En la taberna le habían dicho que él podría decirle todo lo que quisiera saber, pese a lo cual desconfiaba. Porque el anciano no había dicho una palabra desde que fue a saludarle y porque los rumores sobre su naturaleza parecían ciertos. Pese a que el miedo amenazaba con atenazarle, Fernando no pensaba detenerse. Había prometido que cumpliría aquella misión y el fracaso era inadmisible. Él siempre hacía realidad sus promesas y ni siquiera la brujería iba a detenerlo.
Porque de eso se trataba. Brujería. Temida y admirada a partes iguales. A Fernando le habían enseñado desde pequeño a temer a los brujos, pero al mismo tiempo había visto como su madre solicitaba una y mil veces los servicios de curanderas y videntes capaces de obrar toda clase de prodigios. No era un experto, pero tenía la sensación de que la línea que separaba las maldiciones de los milagros era muy fina.

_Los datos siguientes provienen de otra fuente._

(* Let $p\colon E\to B$ be an arc-covering. Then the following are equivalent: (a) $p$ is an arc-hedgehog covering; (b) for every $e_0\in E$ and every open subset $U$ of $E$ containing $e_0$, there is a neighborhood $V$ of $b_0=p(e_0)$ in $B$ such that the path component of $p^{-1}(V)$ containing $e_0$ is a subset of $U$.
   Context: All maps are continuous. A Peano space is a connected, locally path-connected space. For a class $\mathcal{P}$ of spaces, a map $p\colon E\to B$ is a $\mathcal{P}$-covering if for every $e_0\in E$, every $X\in\mathcal{P}$, every $x_0\in X$ and every map $f\colon X\to B$ with $f(x_0)=p(e_0)$ there is a map $g\colon X\to E$ with $p\circ g=f$ and $g(x_0)=e_0$, and such lifts are unique ($g=h$ whenever $g,h\colon X\to E$, $p\circ g=p\circ h$ and $g(x_0)=h(x_0)$ for some $x_0\in X$). An arc-covering is a $\mathcal{P}$-covering for $\mathcal{P}=\{[0,1]\}$. A directed wedge is the wedge $(Z,z_0)=\bigvee_{s\in S}(Z_s,z_s)$ of pointed Peano spaces indexed by a directed set $S$, with the topology: $U\subset Z\setminus\{z_0\}$ is open iff $U\cap Z_s$ is open in $Z_s$ for every $s$; a set $U\ni z_0$ is an open neighborhood of $z_0$ iff $U\cap Z_s$ is open in $Z_s$ for every $s$ and there is $t\in S$ with $Z_s\subset U$ for all $s>t$. An arc-hedgehog is a directed wedge in which each $(Z_s,z_s)$ is homeomorphic to $([0,1],0)$. An arc-hedgehog covering is a $\mathcal{P}$-covering where $\mathcal{P}$ is the class of all arc-hedgehogs. *)

theory Defs
  imports "HOL-Analysis.Analysis"
begin

definition P_covering ::
  "'x topology set \<Rightarrow> 'e topology \<Rightarrow> 'b topology \<Rightarrow> ('e \<Rightarrow> 'b) \<Rightarrow> bool" where
  "P_covering P E B p \<longleftrightarrow>
     continuous_map E B p \<and>
     (\<forall>e0\<in>topspace E. \<forall>X\<in>P. \<forall>x0\<in>topspace X. \<forall>f.
        continuous_map X B f \<and> f x0 = p e0 \<longrightarrow>
        (\<exists>g. continuous_map X E g \<and> (\<forall>x\<in>topspace X. p (g x) = f x) \<and> g x0 = e0)) \<and>
     (\<forall>X\<in>P. \<forall>g h. continuous_map X E g \<and> continuous_map X E h \<and>
        (\<forall>x\<in>topspace X. p (g x) = p (h x)) \<and> (\<exists>x0\<in>topspace X. g x0 = h x0) \<longrightarrow>
        (\<forall>x\<in>topspace X. g x = h x))"

definition arc_covering :: "'e topology \<Rightarrow> 'b topology \<Rightarrow> ('e \<Rightarrow> 'b) \<Rightarrow> bool" where
  "arc_covering E B p \<longleftrightarrow> P_covering {top_of_set {0..1::real}} E B p"

definition directed_set :: "'s set \<Rightarrow> ('s \<Rightarrow> 's \<Rightarrow> bool) \<Rightarrow> bool" where
  "directed_set S le \<longleftrightarrow> S \<noteq> {} \<and> (\<forall>s\<in>S. le s s) \<and>
     (\<forall>a\<in>S. \<forall>b\<in>S. \<forall>c\<in>S. le a b \<and> le b c \<longrightarrow> le a c) \<and>
     (\<forall>a\<in>S. \<forall>b\<in>S. \<exists>c\<in>S. le a c \<and> le b c)"

(* The arc-hedgehog over the directed set (S, le): the directed wedge of copies
   ([0,1],0) indexed by S.  Base point is None; the point t of spike s is
   Some (s,t) for t \<in> {0<..1}, and t = 0 is identified with the base point. *)
definition spike_pt :: "'s \<Rightarrow> real \<Rightarrow> ('s \<times> real) option" where
  "spike_pt s t = (if t = 0 then None else Some (s, t))"

definition hedgehog_carrier :: "'s set \<Rightarrow> ('s \<times> real) option set" where
  "hedgehog_carrier S = insert None (Some ` (S \<times> {0<..1}))"

definition arc_hedgehog :: "'s set \<Rightarrow> ('s \<Rightarrow> 's \<Rightarrow> bool) \<Rightarrow> ('s \<times> real) option topology" where
  "arc_hedgehog S le = topology (\<lambda>U.
     U \<subseteq> hedgehog_carrier S \<and>
     (\<forall>s\<in>S. openin (top_of_set {0..1::real}) {t\<in>{0..1}. spike_pt s t \<in> U}) \<and>
     (None \<in> U \<longrightarrow>
        (\<exists>t\<in>S. \<forall>s\<in>S. (le t s \<and> \<not> le s t) \<longrightarrow> spike_pt s ` {0..1} \<subseteq> U)))"

definition arc_hedgehog_covering ::
  "'s itself \<Rightarrow> 'e topology \<Rightarrow> 'b topology \<Rightarrow> ('e \<Rightarrow> 'b) \<Rightarrow> bool" where
  "arc_hedgehog_covering (_ :: 's itself) E B p \<longleftrightarrow>
     P_covering {arc_hedgehog S le | (S :: 's set) le. directed_set S le} E B p"

definition small_path_components :: "'e topology \<Rightarrow> 'b topology \<Rightarrow> ('e \<Rightarrow> 'b) \<Rightarrow> bool" where
  "small_path_components E B p \<longleftrightarrow>
     (\<forall>e0\<in>topspace E. \<forall>U. openin E U \<and> e0 \<in> U \<longrightarrow>
        (\<exists>V. (\<exists>W. openin B W \<and> p e0 \<in> W \<and> W \<subseteq> V) \<and> V \<subseteq> topspace B \<and>
             path_component_of_set (subtopology E {e\<in>topspace E. p e \<in> V}) e0 \<subseteq> U))"

end

theory Submission
  imports Defs
begin

text \<open>(b) implies (a): lift every spike of a hedgehog separately, starting over the base point.
  The lifted spikes fit together continuously at the base point because, by (b), a path from e0
  whose projection stays in a small enough neighbourhood of p e0 stays in any prescribed
  neighbourhood of e0; uniqueness of hedgehog lifts reduces to uniqueness of arc lifts.

  (a) implies (b): if (b) fails for e0 and U, choose for every open neighbourhood W of p e0 a path
  from e0 in the preimage of W that ends outside U. Indexed by these neighbourhoods, ordered by
  reverse inclusion, the projected paths form a map from an arc-hedgehog into B; its lift is
  continuous at the base point, so the paths eventually end in U, a contradiction unless p e0 has
  a smallest open neighbourhood T. In that case a path in the preimage of T is run backwards along
  the topologist's sine curve: the projection extends continuously to time 0, and its lift
  shows that the end of the path is in every neighbourhood of e0.\<close>

section \<open>The arc-hedgehog topology\<close>

abbreviation unit_interval :: "real topology" where
  "unit_interval \<equiv> top_of_set {0..1}"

El anciano se detuvo de sopetón. Estaban en una de las callejuelas que rodeaban la catedral, parados frente a un grueso muro de piedra. Le miró con los ojos entornados y extendió una mano.
—Dejadme ver la carta.
—Ya os la enseñé antes.
—Quiero asegurarme de que es auténtica.
Fernando suspiró. Comprobó una vez más que nadie les seguía y extrajo el documento de su bolsillo. Llevaba el lacre real, símbolo inequívoco de su importancia. Sólo debía hablar de su misión con las personas adecuadas. Por lo demás, era alto secreto.
El anciano examinó la carta. La caligrafía de aquella que la había escrito era exquisita. Y él podía ser viejo, pero durante toda su vida fue un hombre ilustrado y apreciaba aquellos detalles. Ese manuscrito era digno de una reina.
—Debéis esperarme aquí.
—Prefiero ir con vos. He de hablar con él cuanto antes.
—Con ella.
—¿Disculpad?
El anciano le dirigió una sonrisa socarrona y sus ojos parecieron llenarse de vida.
—La persona que buscáis es una mujer. Y os repito que debéis esperar aquí. No tardaré.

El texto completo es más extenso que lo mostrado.